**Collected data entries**
━━━━━━━━━━━━━━━━━━━━

(* Let $g,g'\in G$ and $C\ge1$, and suppose $q_g\le C^2q_{g'}$ as quadratic forms on $\mathfrak g$. Then for all $\alpha,\beta\in\Sigma\cup\{0\}$, $$\big\|\mathrm{Ad}(k_gk_{g'}^{-1})_{\alpha,\beta}\big\|\le C\,e^{\alpha(\kappa(g'))-\beta(\kappa(g))}.$$
   Context: $G$ is a real semi-simple Lie group with finite center and Lie algebra $\mathfrak g$, $B$ its Killing form, $\theta$ a Cartan involution with $\mathfrak g=\mathfrak k\oplus\mathfrak p$ its $\pm1$ eigenspaces, $\mathfrak a\subset\mathfrak p$ maximal abelian, $\Sigma\subset\mathfrak a^*$ the restricted roots, $\mathfrak g=\mathfrak g_0\oplus\bigoplus_{\alpha\in\Sigma}\mathfrak g_\alpha$ the restricted root decomposition (with $\mathfrak g_\alpha=\{x:[a,x]=\alpha(a)x\ \forall a\in\mathfrak a\}$, and $0$ regarded as the weight of $\mathfrak g_0$), $K$ the maximal compact subgroup with Lie algebra $\mathfrak k$, $A=\exp\mathfrak a$. Fix a Weyl chamber $\mathcal W\subset\mathfrak a$. Every $g\in G$ has a KAK decomposition $g=k'_g\exp(\kappa(g))k_g$ with $k_g,k'_g\in K$ and $\kappa(g)\in\mathcal W$ (the Cartan projection); fix such a choice for $g$ and $g'$. The norm on $\mathfrak g$ is $\|x\|^2=-B(x,\theta x)$ (which is $\mathrm{Ad}(K)$-invariant, the $\mathfrak g_\alpha$ being mutually orthogonal), and $q_g(x)=\|\mathrm{Ad}(g)x\|^2$. For $H\in\mathrm{End}(\mathfrak g)$ and $\alpha,\beta\in\Sigma\cup\{0\}$, $H_{\alpha,\beta}:\mathfrak g_\alpha\to\mathfrak g_\beta$ denotes the map sending $x\in\mathfrak g_\alpha$ to the orthogonal projection of $H(x)$ onto $\mathfrak g_\beta$; $\|\cdot\|$ on it is the operator norm. *)

theory Defs
  imports "HOL-Analysis.Analysis" "HOL-Algebra.Group"
begin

━━━━━━━━━━━━━━━━━━━━

**TRY IT**
The records above should be returned exactly.

**TASK RESPONSE**
(* Let $g,g'\in G$ and $C\ge1$, and suppose $q_g\le C^2q_{g'}$ as quadratic forms on $\mathfrak g$. Then for all $\alpha,\beta\in\Sigma\cup\{0\}$, $$\big\|\mathrm{Ad}(k_gk_{g'}^{-1})_{\alpha,\beta}\big\|\le C\,e^{\alpha(\kappa(g'))-\beta(\kappa(g))}.$$
   Context: $G$ is a real semi-simple Lie group with finite center and Lie algebra $\mathfrak g$, $B$ its Killing form, $\theta$ a Cartan involution with $\mathfrak g=\mathfrak k\oplus\mathfrak p$ its $\pm1$ eigenspaces, $\mathfrak a\subset\mathfrak p$ maximal abelian, $\Sigma\subset\mathfrak a^*$ the restricted roots, $\mathfrak g=\mathfrak g_0\oplus\bigoplus_{\alpha\in\Sigma}\mathfrak g_\alpha$ the restricted root decomposition (with $\mathfrak g_\alpha=\{x:[a,x]=\alpha(a)x\ \forall a\in\mathfrak a\}$, and $0$ regarded as the weight of $\mathfrak g_0$), $K$ the maximal compact subgroup with Lie algebra $\mathfrak k$, $A=\exp\mathfrak a$. Fix a Weyl chamber $\mathcal W\subset\mathfrak a$. Every $g\in G$ has a KAK decomposition $g=k'_g\exp(\kappa(g))k_g$ with $k_g,k'_g\in K$ and $\kappa(g)\in\mathcal W$ (the Cartan projection); fix such a choice for $g$ and $g'$. The norm on $\mathfrak g$ is $\|x\|^2=-B(x,\theta x)$ (which is $\mathrm{Ad}(K)$-invariant, the $\mathfrak g_\alpha$ being mutually orthogonal), and $q_g(x)=\|\mathrm{Ad}(g)x\|^2$. For $H\in\mathrm{End}(\mathfrak g)$ and $\alpha,\beta\in\Sigma\cup\{0\}$, $H_{\alpha,\beta}:\mathfrak g_\alpha\to\mathfrak g_\beta$ denotes the map sending $x\in\mathfrak g_\alpha$ to the orthogonal projection of $H(x)$ onto $\mathfrak g_\beta$; $\|\cdot\|$ on it is the operator norm. *)

theory Defs
  imports "HOL-Analysis.Analysis" "HOL-Algebra.Group"
begin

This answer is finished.